The two bowler-hatted men disappeared below and the crew were readying to cast off. There was still no sign of the mysterious Hart and it dawned upon Paul that he was on his own. There was still time to bolt for the quay, but how would he explain that away? The ship’s officer had taken Paul’s ticket so Cumming would know he hadn’t missed the boat — and, more pertinently, taken Cumming’s money and not missed the boat.
The steamer’s engines began to turn and after a moment she slid away from the quay. Yarmouth receded and within a few minutes had sunk, like his stomach, into the water behind them. There were no lights to watch fade. Yarmouth had been blacked out. There might not have been any recent Zepplin raids but Yarmouth, he remembered, had suffered under the first attack back in 1915. People had been killed and they weren’t tempting providence by lighting an airship’s way for a second pass.

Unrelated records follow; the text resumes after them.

text \<open>The Coxeter length of \<open>w\<close> is the number of lines \<open>H(\<beta>, k)\<close> separating the alcove
  \<open>A0\<close> from \<open>w A0\<close>: a word in the simple reflections crosses each such line, and a word
  crossing a line twice can be shortened by the exchange argument. (This needs every affine
  reflection to be a word, which follows by descending from an arbitrary alcove to \<open>A0\<close>
  through walls.) Hence \<open>\<ell>(w s) > \<ell>(w)\<close> for a simple reflection \<open>s \<in> W0\<close> exactly when the
  \<open>w\<close>-image of the wall of \<open>s\<close> does not separate \<open>A0\<close> from \<open>w A0\<close>.

  The vertex \<open>w 0\<close> of \<open>w A0\<close> satisfies \<open>w 0 \<bullet> \<alpha> \<in> \<int>\<close>, and \<open>w 0 \<bullet> \<alpha> \<in> [c, c + 1]\<close> because
  \<open>w A0\<close> lies in the strip; so the line \<open>H(\<alpha>, w 0 \<bullet> \<alpha>)\<close> through \<open>w 0\<close> has \<open>A0\<close> and
  \<open>w A0\<close> on the same side, say the positive one. If \<open>w\<close> were longest in \<open>w W0\<close>, the image
  of every wall of the fundamental chamber \<open>C\<close> would separate \<open>A0\<close> from \<open>w A0\<close>, which puts
  \<open>A0 - w 0\<close> into \<open>L (- closure C)\<close>, \<open>L\<close> the linear part of \<open>w\<close>. But \<open>L\<^sup>-\<^sup>1 \<alpha>\<close> is a positive
  root, since \<open>w A0\<close> lies above the line, so \<open>L (- closure C)\<close> lies below it, while \<open>A0\<close> lies
  above it.\<close>

section \<open>Reflections and separation by oriented lines\<close>

text \<open>A pair \<open>h = (c, j)\<close> stands for the line \<open>{v. v \<bullet> c = j}\<close>, oriented so that
  its negative side is \<open>{v. v \<bullet> c < j}\<close>; \<open>h\<close> and \<open>- h\<close> are the same line with opposite
  orientations.\<close>

definition reflect :: "'a::real_inner \<times> real \<Rightarrow> 'a \<Rightarrow> 'a" where
  "reflect h v = v - ((v \<bullet> fst h - snd h) * 2 / (fst h \<bullet> fst h)) *\<^sub>R fst h"

lemma aff_refl_eq_reflect: "aff_refl b k = reflect (b, of_int k)"
  by (simp add: fun_eq_iff aff_refl_def reflect_def)

lemma reflect_inner: "fst h \<noteq> 0 \<Longrightarrow> reflect h v \<bullet> fst h = 2 * snd h - v \<bullet> fst h"
  by (simp add: reflect_def inner_diff_left field_simps)

lemma reflect_reflect [simp]:
  assumes "fst h \<noteq> 0" shows "reflect h (reflect h v) = v"
proof -
  have "(reflect h v \<bullet> fst h - snd h) * 2 / (fst h \<bullet> fst h)
      = - ((v \<bullet> fst h - snd h) * 2 / (fst h \<bullet> fst h))"
    using assms by (simp add: reflect_inner field_simps)
  then show ?thesis by (simp add: reflect_def[of h "reflect h v"]) (simp add: reflect_def)
qed

lemma reflect_uminus [simp]: "reflect (- h) = reflect h"
proof
  fix v
  have "(v \<bullet> fst (- h) - snd (- h)) * 2 / (fst (- h) \<bullet> fst (- h))
      = - ((v \<bullet> fst h - snd h) * 2 / (fst h \<bullet> fst h))"
    by (simp add: minus_divide_left algebra_simps)
  then show "reflect (- h) v = reflect h v"
    by (simp only: reflect_def) simp
qed

lemma reflect_fixed: "v \<bullet> fst h = snd h \<Longrightarrow> reflect h v = v"
  by (simp add: reflect_def)

definition lin_part :: "('a::real_vector \<Rightarrow> 'a) \<Rightarrow> 'a \<Rightarrow> 'a" where
  "lin_part g v = g v - g 0"

lemma lin_part_decomp: "g v = lin_part g v + g 0"
  by (simp add: lin_part_def)

lemma lin_part_id [simp]: "lin_part id = id"
  by (simp add: fun_eq_iff lin_part_def)

lemma lin_part_comp:
  assumes "linear (lin_part g)" shows "lin_part (g \<circ> f) = lin_part g \<circ> lin_part f"
proof
  fix v
  have "lin_part (g \<circ> f) v = lin_part g (f v) - lin_part g (f 0)"
    by (simp add: lin_part_def)
  also have "\<dots> = lin_part g (f v - f 0)"
    using linear_diff[OF assms] by simp
  finally show "lin_part (g \<circ> f) v = (lin_part g \<circ> lin_part f) v"
    by (simp add: lin_part_def)
qed

lemma lin_part_reflect: "lin_part (reflect h) = reflect (fst h, 0)"
  by (simp add: fun_eq_iff lin_part_def reflect_def diff_divide_distrib algebra_simps)

lemma orthogonal_transformation_reflect:
  fixes b :: "'a::real_inner"
  assumes "b \<noteq> 0" shows "orthogonal_transformation (reflect (b, 0))"
proof -
  have "linear (reflect (b, 0))"
    by (rule linearI) (simp_all add: reflect_def inner_add_left add_divide_distrib algebra_simps)
  moreover have "reflect (b, 0) v \<bullet> reflect (b, 0) u = v \<bullet> u" for u v
    using assms
    by (simp add: reflect_def inner_diff_left inner_diff_right inner_commute field_simps)
  ultimately show ?thesis
    unfolding orthogonal_transformation_def by blast
qed

lemma dist_reflect:
  assumes "fst h \<noteq> 0" shows "dist (reflect h u) (reflect h v) = dist u v"
proof -
  have "reflect h u - reflect h v = reflect (fst h, 0) (u - v)"
    by (simp add: reflect_def algebra_simps diff_divide_distrib inner_diff_left)
  then show ?thesis
    using orthogonal_transformation_norm[OF orthogonal_transformation_reflect[OF assms]]
    by (simp add: dist_norm)
qed

lemma reflect_half_ball:
  assumes b: "b \<noteq> 0" and p: "p \<bullet> b = k"
  shows "reflect (b, k) ` {v \<in> ball p e. v \<bullet> b < k} = {v \<in> ball p e. v \<bullet> b > k}"
proof -
  have fixed: "reflect (b, k) p = p"
    using p by (simp add: reflect_fixed)
  have side: "reflect (b, k) v \<bullet> b = 2 * k - v \<bullet> b" for v
    using reflect_inner[of "(b, k)"] b by simp
  have maps: "reflect (b, k) v \<in> {v \<in> ball p e. v \<bullet> b > k}" if "v \<in> ball p e" "v \<bullet> b < k" for v
    using that dist_reflect[of "(b, k)" p v] fixed b by (simp add: side)
  have "v \<in> reflect (b, k) ` {v \<in> ball p e. v \<bullet> b < k}" if "v \<in> ball p e" "v \<bullet> b > k" for v
  proof (rule image_eqI)
    show "v = reflect (b, k) (reflect (b, k) v)"
      using b by simp
    show "reflect (b, k) v \<in> {v \<in> ball p e. v \<bullet> b < k}"
      using that dist_reflect[of "(b, k)" p v] fixed b by (simp add: side)
  qed
  with maps show ?thesis by blast
qed

definition hyp_below :: "'a::real_inner set \<Rightarrow> 'a \<times> real \<Rightarrow> bool" where
  "hyp_below A h \<longleftrightarrow> (\<forall>v\<in>A. v \<bullet> fst h < snd h)"

definition hyp_above :: "'a::real_inner set \<Rightarrow> 'a \<times> real \<Rightarrow> bool" where
  "hyp_above A h \<longleftrightarrow> (\<forall>v\<in>A. v \<bullet> fst h > snd h)"

definition separates :: "'a::real_inner \<times> real \<Rightarrow> 'a set \<Rightarrow> 'a set \<Rightarrow> bool" where
  "separates h A B \<longleftrightarrow> hyp_below A h \<and> hyp_above B h \<or> hyp_above A h \<and> hyp_below B h"

lemma hyp_below_uminus [simp]: "hyp_below A (- h) \<longleftrightarrow> hyp_above A h"
  by (auto simp: hyp_below_def hyp_above_def)

lemma hyp_above_uminus [simp]: "hyp_above A (- h) \<longleftrightarrow> hyp_below A h"
  by (auto simp: hyp_below_def hyp_above_def)

lemma separates_uminus [simp]: "separates (- h) A B \<longleftrightarrow> separates h A B"
  by (auto simp: separates_def)

lemma separates_commute: "separates h A B \<longleftrightarrow> separates h B A"
  by (auto simp: separates_def)

lemma separates_mono: "separates h A B \<Longrightarrow> A' \<subseteq> A \<Longrightarrow> B' \<subseteq> B \<Longrightarrow> separates h A' B'"
  unfolding separates_def hyp_below_def hyp_above_def by blast

lemma not_hyp_below_and_above: "A \<noteq> {} \<Longrightarrow> hyp_below A h \<Longrightarrow> \<not> hyp_above A h"
  unfolding hyp_below_def hyp_above_def by (metis all_not_in_conv less_asym)

lemma separates_iff_xor:
  assumes "A \<noteq> {}" "B \<noteq> {}" "C \<noteq> {}"
    and "hyp_below A h \<or> hyp_above A h" "hyp_below B h \<or> hyp_above B h"
    and "hyp_below C h \<or> hyp_above C h"
  shows "separates h A C \<longleftrightarrow> (separates h A B \<longleftrightarrow> \<not> separates h B C)"
  using assms not_hyp_below_and_above[of A h] not_hyp_below_and_above[of B h]
    not_hyp_below_and_above[of C h]
  unfolding separates_def by blast

section \<open>Symmetries of the line arrangement\<close>

definition hyps :: "'a set \<Rightarrow> ('a \<times> real) set" where
  "hyps R = {h. fst h \<in> R \<and> snd h \<in> \<int>}"

lemma neq_uminus_if_fst_nonzero:
  fixes h :: "'a::real_vector \<times> 'b::ab_group_add"
  assumes "fst h \<noteq> 0" shows "h \<noteq> - h"
proof
  assume "h = - h"
  then have "2 *\<^sub>R fst h = 0"
    by (metis fst_uminus add.right_inverse scaleR_2)
  with assms show False by simp
qed

definition hyp_symmetry :: "'a::euclidean_space set \<Rightarrow> ('a \<Rightarrow> 'a) \<Rightarrow> bool" where
  "hyp_symmetry R g \<longleftrightarrow>
     orthogonal_transformation (lin_part g) \<and> lin_part g ` R = R \<and> (\<forall>c\<in>R. g 0 \<bullet> c \<in> \<int>)"

text \<open>If \<open>g\<close> is an affine isometry, \<open>hyp_image g h\<close> is the line \<open>g ` {v. v \<bullet> fst h = snd h}\<close>,
  with the orientation transported by \<open>g\<close>.\<close>

definition hyp_image :: "('a::real_inner \<Rightarrow> 'a) \<Rightarrow> 'a \<times> real \<Rightarrow> 'a \<times> real" where
  "hyp_image g h = (lin_part g (fst h), snd h + g 0 \<bullet> lin_part g (fst h))"

lemma hyp_symmetry_id: "hyp_symmetry R id"
  unfolding hyp_symmetry_def lin_part_id by (simp add: id_def)

context
  fixes R :: "'a::euclidean_space set" and g :: "'a \<Rightarrow> 'a"
  assumes g: "hyp_symmetry R g"
begin

lemma hyp_symmetry_linear: "linear (lin_part g)"
  using g by (simp add: hyp_symmetry_def orthogonal_transformation_def)

lemma hyp_symmetry_inner: "lin_part g u \<bullet> lin_part g v = u \<bullet> v"
  using g by (simp add: hyp_symmetry_def orthogonal_transformation_def)

lemma hyp_symmetry_diff: "g u - g v = lin_part g (u - v)"
  using lin_part_decomp[of g] linear_diff[OF hyp_symmetry_linear] by (metis add_diff_cancel_right)

lemma hyp_symmetry_dist: "dist (g u) (g v) = dist u v"
proof -
  have "orthogonal_transformation (lin_part g)"
    using g by (simp add: hyp_symmetry_def)
  then show ?thesis
    by (simp add: dist_norm hyp_symmetry_diff orthogonal_transformation_norm)
qed

lemma hyp_symmetry_surj: "surj g"
proof -
  have "surj (lin_part g)"
    using g orthogonal_transformation_surj by (auto simp: hyp_symmetry_def)
  then show ?thesis
    unfolding surj_def by (metis lin_part_decomp diff_add_cancel)
qed

lemma hyp_symmetry_comp:
  assumes f: "hyp_symmetry R f" shows "hyp_symmetry R (g \<circ> f)"
proof -
  have lc: "lin_part (g \<circ> f) = lin_part g \<circ> lin_part f"
    using lin_part_comp hyp_symmetry_linear by blast
  have "(g \<circ> f) 0 \<bullet> c \<in> \<int>" if c: "c \<in> R" for c
  proof -
    obtain c' where c': "c' \<in> R" "c = lin_part g c'"
      using g c by (auto simp: hyp_symmetry_def)
    have "(g \<circ> f) 0 \<bullet> c = f 0 \<bullet> c' + g 0 \<bullet> c"
      using lin_part_decomp[of g "f 0"] c' by (simp add: inner_add_left hyp_symmetry_inner)
    then show ?thesis
      using f g c c' by (simp add: hyp_symmetry_def)
  qed
  moreover have "lin_part (g \<circ> f) ` R = R"
    using g f unfolding lc image_comp[symmetric] by (simp add: hyp_symmetry_def)
  moreover have "orthogonal_transformation (lin_part (g \<circ> f))"
    using g f orthogonal_transformation_compose unfolding lc by (auto simp: hyp_symmetry_def)
  ultimately show ?thesis
    by (simp add: hyp_symmetry_def)
qed

lemma hyp_image_hyps: "hyp_image g ` hyps R = hyps R"
proof
  show "hyp_image g ` hyps R \<subseteq> hyps R"
  proof
    fix h' assume "h' \<in> hyp_image g ` hyps R"
    then obtain h where h: "h \<in> hyps R" "h' = hyp_image g h" by blast
    then have "lin_part g (fst h) \<in> R"
      using g by (auto simp: hyp_symmetry_def hyps_def)
    then show "h' \<in> hyps R"
      using g h by (auto simp: hyp_symmetry_def hyp_image_def hyps_def)
  qed
  show "hyps R \<subseteq> hyp_image g ` hyps R"
  proof
    fix h assume h: "h \<in> hyps R"
    then obtain c' where c': "c' \<in> R" "fst h = lin_part g c'"
      using g by (force simp: hyp_symmetry_def hyps_def)
    have "g 0 \<bullet> fst h \<in> \<int>"
      using g h by (simp add: hyp_symmetry_def hyps_def)
    then have "(c', snd h - g 0 \<bullet> fst h) \<in> hyps R"
      using h c' by (simp add: hyps_def)
    moreover have "h = hyp_image g (c', snd h - g 0 \<bullet> fst h)"
      using c' by (simp add: hyp_image_def prod_eq_iff)
    ultimately show "h \<in> hyp_image g ` hyps R" by blast
  qed
qed

lemma hyp_image_side: "g v \<bullet> fst (hyp_image g h) - snd (hyp_image g h) = v \<bullet> fst h - snd h"
  using lin_part_decomp[of g v] by (simp add: hyp_image_def inner_add_left hyp_symmetry_inner)

lemma hyp_image_uminus: "hyp_image g (- h) = - hyp_image g h"
  using linear_neg[OF hyp_symmetry_linear] by (simp add: hyp_image_def)

lemma inj_hyp_image: "inj (hyp_image g)"
proof
  fix h1 h2 assume e: "hyp_image g h1 = hyp_image g h2"
  have "inj (lin_part g)"
    using g orthogonal_transformation_inj by (auto simp: hyp_symmetry_def)
  then have "fst h1 = fst h2"
    using e by (simp add: hyp_image_def inj_def)
  then show "h1 = h2"
    using e by (simp add: hyp_image_def prod_eq_iff)
qed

He turned away from the rail. It was always possible Hart had boarded the steamer before Paul had arrived or, failing that, planned to catch up with it in Hull. But if not — always assuming they didn’t get sunk by a German U-boat (for all he knew drowning through enemy action might be a hereditary trait) — Paul was going to have to make his own way from Helsingfors to the Russian border. And then to Petersburg. Or Petrograd, as he better get used to calling it. If he ever managed that, he would somehow have to find his cousin, Mikhail, a man he hadn’t seen for thirteen years and hadn’t cared much for when last he had.
Assuming Mikhail was still in Petrograd.